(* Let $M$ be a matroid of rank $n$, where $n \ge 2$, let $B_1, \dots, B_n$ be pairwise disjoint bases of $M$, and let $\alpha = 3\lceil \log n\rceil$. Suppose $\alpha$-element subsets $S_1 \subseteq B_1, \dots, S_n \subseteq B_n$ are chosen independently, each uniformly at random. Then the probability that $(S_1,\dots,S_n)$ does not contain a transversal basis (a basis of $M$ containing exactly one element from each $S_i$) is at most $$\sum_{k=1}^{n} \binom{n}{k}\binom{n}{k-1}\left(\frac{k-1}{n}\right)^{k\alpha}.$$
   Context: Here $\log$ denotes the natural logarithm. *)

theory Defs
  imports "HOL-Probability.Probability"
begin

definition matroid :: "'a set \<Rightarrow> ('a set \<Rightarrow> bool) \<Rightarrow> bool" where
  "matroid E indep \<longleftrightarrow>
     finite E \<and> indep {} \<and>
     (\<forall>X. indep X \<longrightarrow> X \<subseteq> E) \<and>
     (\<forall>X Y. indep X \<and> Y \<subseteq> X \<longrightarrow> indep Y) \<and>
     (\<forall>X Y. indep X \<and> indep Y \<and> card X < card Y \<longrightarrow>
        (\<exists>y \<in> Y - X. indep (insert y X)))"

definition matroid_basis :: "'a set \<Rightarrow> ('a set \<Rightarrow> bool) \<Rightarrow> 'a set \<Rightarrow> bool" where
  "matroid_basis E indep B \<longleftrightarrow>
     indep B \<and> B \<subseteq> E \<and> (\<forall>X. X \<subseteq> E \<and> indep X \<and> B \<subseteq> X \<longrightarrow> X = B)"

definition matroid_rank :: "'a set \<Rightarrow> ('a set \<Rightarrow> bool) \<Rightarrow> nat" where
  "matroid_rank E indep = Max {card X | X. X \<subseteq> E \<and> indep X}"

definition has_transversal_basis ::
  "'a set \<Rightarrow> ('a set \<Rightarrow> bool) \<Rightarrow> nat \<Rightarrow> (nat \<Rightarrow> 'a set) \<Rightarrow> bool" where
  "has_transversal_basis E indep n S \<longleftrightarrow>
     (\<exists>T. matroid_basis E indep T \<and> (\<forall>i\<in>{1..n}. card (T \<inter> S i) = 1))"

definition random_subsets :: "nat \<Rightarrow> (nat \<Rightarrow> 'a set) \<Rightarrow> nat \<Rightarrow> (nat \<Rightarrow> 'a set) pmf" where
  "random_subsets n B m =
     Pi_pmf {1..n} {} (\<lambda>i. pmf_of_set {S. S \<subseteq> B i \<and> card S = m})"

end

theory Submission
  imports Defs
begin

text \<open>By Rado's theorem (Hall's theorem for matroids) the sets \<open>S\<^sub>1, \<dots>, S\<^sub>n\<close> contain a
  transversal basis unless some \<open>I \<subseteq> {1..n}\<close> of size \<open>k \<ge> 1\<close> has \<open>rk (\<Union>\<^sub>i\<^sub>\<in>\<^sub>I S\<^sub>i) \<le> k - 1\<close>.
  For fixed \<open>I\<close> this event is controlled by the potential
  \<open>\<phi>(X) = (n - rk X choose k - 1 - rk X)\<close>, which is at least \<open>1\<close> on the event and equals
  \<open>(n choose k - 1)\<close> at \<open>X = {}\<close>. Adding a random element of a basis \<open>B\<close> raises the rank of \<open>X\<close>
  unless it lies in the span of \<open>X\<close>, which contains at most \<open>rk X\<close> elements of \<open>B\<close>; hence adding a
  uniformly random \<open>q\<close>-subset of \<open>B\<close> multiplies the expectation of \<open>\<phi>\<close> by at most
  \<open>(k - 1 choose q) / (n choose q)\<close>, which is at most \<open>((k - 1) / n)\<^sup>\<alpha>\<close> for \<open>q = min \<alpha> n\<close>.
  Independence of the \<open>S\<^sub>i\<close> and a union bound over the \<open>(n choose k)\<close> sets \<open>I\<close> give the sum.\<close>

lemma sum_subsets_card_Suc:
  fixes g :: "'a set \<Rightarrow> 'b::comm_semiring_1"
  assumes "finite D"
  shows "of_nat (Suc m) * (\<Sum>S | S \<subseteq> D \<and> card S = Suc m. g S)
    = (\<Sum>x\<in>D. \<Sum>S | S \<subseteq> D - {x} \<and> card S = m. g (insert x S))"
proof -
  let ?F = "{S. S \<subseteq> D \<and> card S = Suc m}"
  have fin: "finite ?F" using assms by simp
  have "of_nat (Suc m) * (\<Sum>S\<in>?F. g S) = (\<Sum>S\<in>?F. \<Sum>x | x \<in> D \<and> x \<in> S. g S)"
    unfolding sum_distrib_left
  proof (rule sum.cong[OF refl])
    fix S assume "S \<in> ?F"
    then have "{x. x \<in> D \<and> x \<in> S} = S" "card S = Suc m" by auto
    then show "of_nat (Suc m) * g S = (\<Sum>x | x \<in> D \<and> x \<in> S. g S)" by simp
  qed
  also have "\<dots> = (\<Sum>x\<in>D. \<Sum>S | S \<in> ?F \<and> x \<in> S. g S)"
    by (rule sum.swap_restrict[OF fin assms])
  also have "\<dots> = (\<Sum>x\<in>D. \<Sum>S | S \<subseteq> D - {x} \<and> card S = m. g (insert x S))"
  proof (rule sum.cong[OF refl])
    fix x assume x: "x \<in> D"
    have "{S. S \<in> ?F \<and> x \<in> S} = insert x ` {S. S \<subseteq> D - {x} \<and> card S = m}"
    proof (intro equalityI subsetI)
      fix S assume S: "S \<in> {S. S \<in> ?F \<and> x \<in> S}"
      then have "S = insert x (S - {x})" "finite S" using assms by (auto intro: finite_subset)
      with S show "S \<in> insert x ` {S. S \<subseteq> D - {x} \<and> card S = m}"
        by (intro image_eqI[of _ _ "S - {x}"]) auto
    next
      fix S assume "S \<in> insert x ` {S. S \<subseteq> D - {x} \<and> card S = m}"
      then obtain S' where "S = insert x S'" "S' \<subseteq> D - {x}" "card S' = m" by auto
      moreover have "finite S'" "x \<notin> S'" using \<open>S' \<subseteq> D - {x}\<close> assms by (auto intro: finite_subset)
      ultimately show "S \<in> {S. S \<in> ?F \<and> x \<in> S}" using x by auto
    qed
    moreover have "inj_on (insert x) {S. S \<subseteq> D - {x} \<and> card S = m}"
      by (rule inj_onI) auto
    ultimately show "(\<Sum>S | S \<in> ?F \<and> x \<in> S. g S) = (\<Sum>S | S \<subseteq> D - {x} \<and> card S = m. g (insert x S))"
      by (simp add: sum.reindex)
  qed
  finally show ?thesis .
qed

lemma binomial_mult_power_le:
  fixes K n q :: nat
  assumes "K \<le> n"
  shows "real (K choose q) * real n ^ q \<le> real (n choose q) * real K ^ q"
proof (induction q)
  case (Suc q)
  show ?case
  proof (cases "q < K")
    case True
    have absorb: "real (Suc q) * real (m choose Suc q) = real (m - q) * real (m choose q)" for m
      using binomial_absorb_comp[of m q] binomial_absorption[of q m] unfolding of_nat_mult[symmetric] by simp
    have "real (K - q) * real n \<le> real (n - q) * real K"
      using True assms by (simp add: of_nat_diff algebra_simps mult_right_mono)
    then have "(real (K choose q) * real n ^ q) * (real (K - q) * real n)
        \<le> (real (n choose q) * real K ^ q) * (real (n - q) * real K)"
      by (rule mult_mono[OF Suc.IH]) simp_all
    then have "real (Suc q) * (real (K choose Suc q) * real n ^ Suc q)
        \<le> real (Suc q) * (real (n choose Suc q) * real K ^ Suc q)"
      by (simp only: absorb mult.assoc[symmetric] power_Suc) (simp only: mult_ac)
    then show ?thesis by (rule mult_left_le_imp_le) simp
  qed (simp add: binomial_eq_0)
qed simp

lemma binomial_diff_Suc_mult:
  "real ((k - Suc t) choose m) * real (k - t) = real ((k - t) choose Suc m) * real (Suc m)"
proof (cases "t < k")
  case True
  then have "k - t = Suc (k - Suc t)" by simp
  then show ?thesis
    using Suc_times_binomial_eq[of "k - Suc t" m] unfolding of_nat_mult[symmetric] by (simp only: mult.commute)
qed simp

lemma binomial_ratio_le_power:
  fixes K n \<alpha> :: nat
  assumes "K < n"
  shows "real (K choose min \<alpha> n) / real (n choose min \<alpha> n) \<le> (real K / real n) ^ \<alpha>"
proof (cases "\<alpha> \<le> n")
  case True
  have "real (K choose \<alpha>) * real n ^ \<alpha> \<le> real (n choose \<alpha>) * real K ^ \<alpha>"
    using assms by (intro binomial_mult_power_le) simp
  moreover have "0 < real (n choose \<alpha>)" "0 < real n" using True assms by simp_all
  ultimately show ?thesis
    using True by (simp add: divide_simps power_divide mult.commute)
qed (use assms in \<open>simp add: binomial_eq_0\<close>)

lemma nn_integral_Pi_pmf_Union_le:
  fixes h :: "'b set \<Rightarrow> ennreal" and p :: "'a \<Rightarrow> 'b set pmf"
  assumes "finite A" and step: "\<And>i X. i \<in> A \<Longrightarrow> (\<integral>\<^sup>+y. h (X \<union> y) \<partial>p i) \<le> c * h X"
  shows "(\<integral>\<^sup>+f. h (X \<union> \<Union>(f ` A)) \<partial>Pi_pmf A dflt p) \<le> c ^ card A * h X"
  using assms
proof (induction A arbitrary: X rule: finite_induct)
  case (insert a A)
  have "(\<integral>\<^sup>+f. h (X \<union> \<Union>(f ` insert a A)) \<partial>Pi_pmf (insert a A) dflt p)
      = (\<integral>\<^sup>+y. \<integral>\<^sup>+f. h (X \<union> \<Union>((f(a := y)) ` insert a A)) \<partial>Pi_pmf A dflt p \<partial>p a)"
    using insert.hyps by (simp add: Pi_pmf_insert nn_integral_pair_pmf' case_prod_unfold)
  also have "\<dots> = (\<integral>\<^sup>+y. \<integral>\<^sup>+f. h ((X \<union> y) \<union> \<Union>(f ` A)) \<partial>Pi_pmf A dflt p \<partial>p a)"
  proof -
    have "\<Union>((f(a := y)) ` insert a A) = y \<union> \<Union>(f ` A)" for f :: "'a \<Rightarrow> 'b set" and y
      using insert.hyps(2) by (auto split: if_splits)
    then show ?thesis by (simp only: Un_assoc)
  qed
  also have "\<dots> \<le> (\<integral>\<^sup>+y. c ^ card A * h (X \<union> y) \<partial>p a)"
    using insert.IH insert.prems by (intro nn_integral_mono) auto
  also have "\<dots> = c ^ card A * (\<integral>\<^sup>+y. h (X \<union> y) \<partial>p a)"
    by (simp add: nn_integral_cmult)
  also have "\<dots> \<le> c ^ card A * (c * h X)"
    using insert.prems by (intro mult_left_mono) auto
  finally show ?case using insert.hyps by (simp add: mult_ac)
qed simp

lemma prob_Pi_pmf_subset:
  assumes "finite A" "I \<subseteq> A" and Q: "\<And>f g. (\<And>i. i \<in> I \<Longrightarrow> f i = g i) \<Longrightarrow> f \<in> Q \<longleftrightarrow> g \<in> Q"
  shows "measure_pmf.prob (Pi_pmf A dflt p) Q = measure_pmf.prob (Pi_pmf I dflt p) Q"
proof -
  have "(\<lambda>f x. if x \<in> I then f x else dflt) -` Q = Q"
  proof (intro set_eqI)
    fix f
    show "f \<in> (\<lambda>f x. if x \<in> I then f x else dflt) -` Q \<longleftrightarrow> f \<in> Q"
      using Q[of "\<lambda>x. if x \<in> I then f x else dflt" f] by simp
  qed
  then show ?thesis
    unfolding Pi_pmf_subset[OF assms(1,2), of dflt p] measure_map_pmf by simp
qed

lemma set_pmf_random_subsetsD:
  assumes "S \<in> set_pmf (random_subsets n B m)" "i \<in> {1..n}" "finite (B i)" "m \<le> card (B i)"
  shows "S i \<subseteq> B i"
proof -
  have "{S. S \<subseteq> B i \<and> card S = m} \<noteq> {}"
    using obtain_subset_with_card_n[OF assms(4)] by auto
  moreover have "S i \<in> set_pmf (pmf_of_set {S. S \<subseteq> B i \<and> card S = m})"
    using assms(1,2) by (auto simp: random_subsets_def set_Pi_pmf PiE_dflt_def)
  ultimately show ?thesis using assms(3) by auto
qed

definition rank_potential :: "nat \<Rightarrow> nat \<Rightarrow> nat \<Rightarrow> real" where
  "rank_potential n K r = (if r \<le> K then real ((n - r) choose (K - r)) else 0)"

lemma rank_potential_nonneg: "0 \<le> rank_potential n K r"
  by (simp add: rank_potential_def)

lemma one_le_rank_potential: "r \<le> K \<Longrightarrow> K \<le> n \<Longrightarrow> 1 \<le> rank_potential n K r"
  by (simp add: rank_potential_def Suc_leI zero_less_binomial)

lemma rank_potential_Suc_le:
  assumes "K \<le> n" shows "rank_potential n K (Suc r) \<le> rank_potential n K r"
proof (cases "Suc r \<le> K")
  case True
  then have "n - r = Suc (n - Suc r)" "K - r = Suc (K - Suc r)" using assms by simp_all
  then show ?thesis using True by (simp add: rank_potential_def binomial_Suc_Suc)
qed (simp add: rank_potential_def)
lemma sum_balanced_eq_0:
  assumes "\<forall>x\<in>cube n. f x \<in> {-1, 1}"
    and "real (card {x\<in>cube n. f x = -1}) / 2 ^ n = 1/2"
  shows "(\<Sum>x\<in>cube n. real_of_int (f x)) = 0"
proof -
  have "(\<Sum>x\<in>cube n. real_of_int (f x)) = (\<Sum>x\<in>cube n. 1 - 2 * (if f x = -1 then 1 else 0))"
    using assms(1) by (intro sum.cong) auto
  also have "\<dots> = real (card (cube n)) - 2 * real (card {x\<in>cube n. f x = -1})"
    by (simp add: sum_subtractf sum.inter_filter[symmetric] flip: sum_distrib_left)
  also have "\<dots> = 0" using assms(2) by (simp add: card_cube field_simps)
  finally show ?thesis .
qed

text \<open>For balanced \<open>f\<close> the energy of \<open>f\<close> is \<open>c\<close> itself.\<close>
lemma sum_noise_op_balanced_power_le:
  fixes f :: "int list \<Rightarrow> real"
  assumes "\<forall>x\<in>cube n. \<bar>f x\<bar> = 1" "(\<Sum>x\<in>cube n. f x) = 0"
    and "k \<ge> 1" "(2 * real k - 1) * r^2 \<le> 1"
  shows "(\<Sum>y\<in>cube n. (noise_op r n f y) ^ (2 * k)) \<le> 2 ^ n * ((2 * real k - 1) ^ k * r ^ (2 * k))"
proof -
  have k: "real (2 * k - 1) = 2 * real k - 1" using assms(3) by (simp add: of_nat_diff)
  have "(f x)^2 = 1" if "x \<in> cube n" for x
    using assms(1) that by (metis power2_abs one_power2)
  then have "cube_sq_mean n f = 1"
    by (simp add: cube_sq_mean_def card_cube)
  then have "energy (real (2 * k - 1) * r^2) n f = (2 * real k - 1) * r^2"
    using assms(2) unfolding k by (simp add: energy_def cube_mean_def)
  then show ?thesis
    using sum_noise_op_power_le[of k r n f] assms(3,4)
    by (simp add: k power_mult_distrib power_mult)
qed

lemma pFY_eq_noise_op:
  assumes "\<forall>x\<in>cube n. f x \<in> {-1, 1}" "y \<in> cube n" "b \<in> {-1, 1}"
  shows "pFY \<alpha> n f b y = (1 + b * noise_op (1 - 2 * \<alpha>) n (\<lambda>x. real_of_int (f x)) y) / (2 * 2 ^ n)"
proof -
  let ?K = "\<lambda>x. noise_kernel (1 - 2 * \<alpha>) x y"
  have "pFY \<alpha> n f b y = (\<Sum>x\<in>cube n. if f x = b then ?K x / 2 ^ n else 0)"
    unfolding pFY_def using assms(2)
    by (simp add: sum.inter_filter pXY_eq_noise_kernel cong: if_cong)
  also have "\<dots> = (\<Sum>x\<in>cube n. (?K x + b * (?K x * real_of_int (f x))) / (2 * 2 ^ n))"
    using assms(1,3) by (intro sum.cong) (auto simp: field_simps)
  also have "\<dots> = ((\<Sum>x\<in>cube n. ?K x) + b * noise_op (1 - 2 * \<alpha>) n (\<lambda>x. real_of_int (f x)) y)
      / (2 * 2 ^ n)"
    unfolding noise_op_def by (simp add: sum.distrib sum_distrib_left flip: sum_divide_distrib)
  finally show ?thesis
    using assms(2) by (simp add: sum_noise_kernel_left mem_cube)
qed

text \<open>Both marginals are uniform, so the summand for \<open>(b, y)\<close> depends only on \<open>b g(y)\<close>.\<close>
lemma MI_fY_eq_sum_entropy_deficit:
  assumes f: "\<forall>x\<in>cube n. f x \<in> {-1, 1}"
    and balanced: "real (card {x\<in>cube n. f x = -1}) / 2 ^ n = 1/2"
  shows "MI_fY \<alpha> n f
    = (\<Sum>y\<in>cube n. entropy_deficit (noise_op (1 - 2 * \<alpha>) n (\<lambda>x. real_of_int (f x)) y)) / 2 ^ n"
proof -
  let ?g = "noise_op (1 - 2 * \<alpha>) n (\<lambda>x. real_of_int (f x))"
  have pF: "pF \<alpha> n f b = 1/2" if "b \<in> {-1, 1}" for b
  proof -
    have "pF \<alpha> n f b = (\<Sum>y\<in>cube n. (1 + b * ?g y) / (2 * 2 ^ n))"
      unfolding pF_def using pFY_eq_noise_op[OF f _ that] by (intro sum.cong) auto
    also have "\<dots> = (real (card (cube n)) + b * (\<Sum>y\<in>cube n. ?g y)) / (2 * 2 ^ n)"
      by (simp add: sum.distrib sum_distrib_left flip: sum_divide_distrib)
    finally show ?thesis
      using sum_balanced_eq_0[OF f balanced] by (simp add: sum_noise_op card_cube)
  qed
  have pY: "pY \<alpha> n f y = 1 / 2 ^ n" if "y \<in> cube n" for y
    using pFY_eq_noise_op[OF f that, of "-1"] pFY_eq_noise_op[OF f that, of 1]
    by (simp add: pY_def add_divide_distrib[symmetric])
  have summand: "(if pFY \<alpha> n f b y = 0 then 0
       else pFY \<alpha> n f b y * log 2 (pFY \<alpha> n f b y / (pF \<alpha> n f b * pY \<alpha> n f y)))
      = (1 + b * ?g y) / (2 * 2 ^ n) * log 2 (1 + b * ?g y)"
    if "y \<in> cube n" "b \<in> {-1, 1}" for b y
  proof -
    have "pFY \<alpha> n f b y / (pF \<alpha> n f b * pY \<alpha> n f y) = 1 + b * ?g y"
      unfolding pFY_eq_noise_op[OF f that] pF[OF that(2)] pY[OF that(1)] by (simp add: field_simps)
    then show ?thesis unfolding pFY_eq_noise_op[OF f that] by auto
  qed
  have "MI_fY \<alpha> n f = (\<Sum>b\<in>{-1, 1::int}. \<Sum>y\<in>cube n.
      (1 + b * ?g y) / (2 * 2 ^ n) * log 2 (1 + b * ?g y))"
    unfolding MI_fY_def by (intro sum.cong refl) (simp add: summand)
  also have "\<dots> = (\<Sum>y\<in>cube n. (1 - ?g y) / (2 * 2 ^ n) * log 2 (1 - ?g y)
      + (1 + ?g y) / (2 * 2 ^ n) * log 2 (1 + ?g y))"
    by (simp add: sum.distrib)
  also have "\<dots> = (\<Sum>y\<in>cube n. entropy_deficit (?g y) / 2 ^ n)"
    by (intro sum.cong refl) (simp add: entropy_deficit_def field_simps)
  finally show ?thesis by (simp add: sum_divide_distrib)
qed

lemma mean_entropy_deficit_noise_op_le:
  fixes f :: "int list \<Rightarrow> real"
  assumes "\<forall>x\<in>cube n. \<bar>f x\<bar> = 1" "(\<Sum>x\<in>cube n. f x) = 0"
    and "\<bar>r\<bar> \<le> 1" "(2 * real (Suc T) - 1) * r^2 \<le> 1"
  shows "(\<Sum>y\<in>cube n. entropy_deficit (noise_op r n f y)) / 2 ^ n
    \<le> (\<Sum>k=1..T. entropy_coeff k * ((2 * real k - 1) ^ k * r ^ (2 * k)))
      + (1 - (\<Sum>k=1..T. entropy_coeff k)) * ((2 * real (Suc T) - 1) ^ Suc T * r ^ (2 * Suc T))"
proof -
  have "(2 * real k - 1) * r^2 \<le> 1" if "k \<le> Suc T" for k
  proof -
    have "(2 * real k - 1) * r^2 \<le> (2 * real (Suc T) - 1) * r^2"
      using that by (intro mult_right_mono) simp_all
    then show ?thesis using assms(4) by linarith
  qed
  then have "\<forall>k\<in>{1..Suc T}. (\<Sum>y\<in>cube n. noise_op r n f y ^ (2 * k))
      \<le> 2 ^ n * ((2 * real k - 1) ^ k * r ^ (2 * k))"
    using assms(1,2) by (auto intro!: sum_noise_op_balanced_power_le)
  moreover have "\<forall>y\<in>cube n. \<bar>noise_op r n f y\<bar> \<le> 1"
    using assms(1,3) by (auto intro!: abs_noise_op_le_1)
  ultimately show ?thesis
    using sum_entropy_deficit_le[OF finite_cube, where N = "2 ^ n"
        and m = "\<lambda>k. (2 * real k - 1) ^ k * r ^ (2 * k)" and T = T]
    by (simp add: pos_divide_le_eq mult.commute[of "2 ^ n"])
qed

· · · ·

> Assigned task: I would like the number of lines in the material above that contain the string "fixes", with no other words in the reply.

> Result of this exercise: 6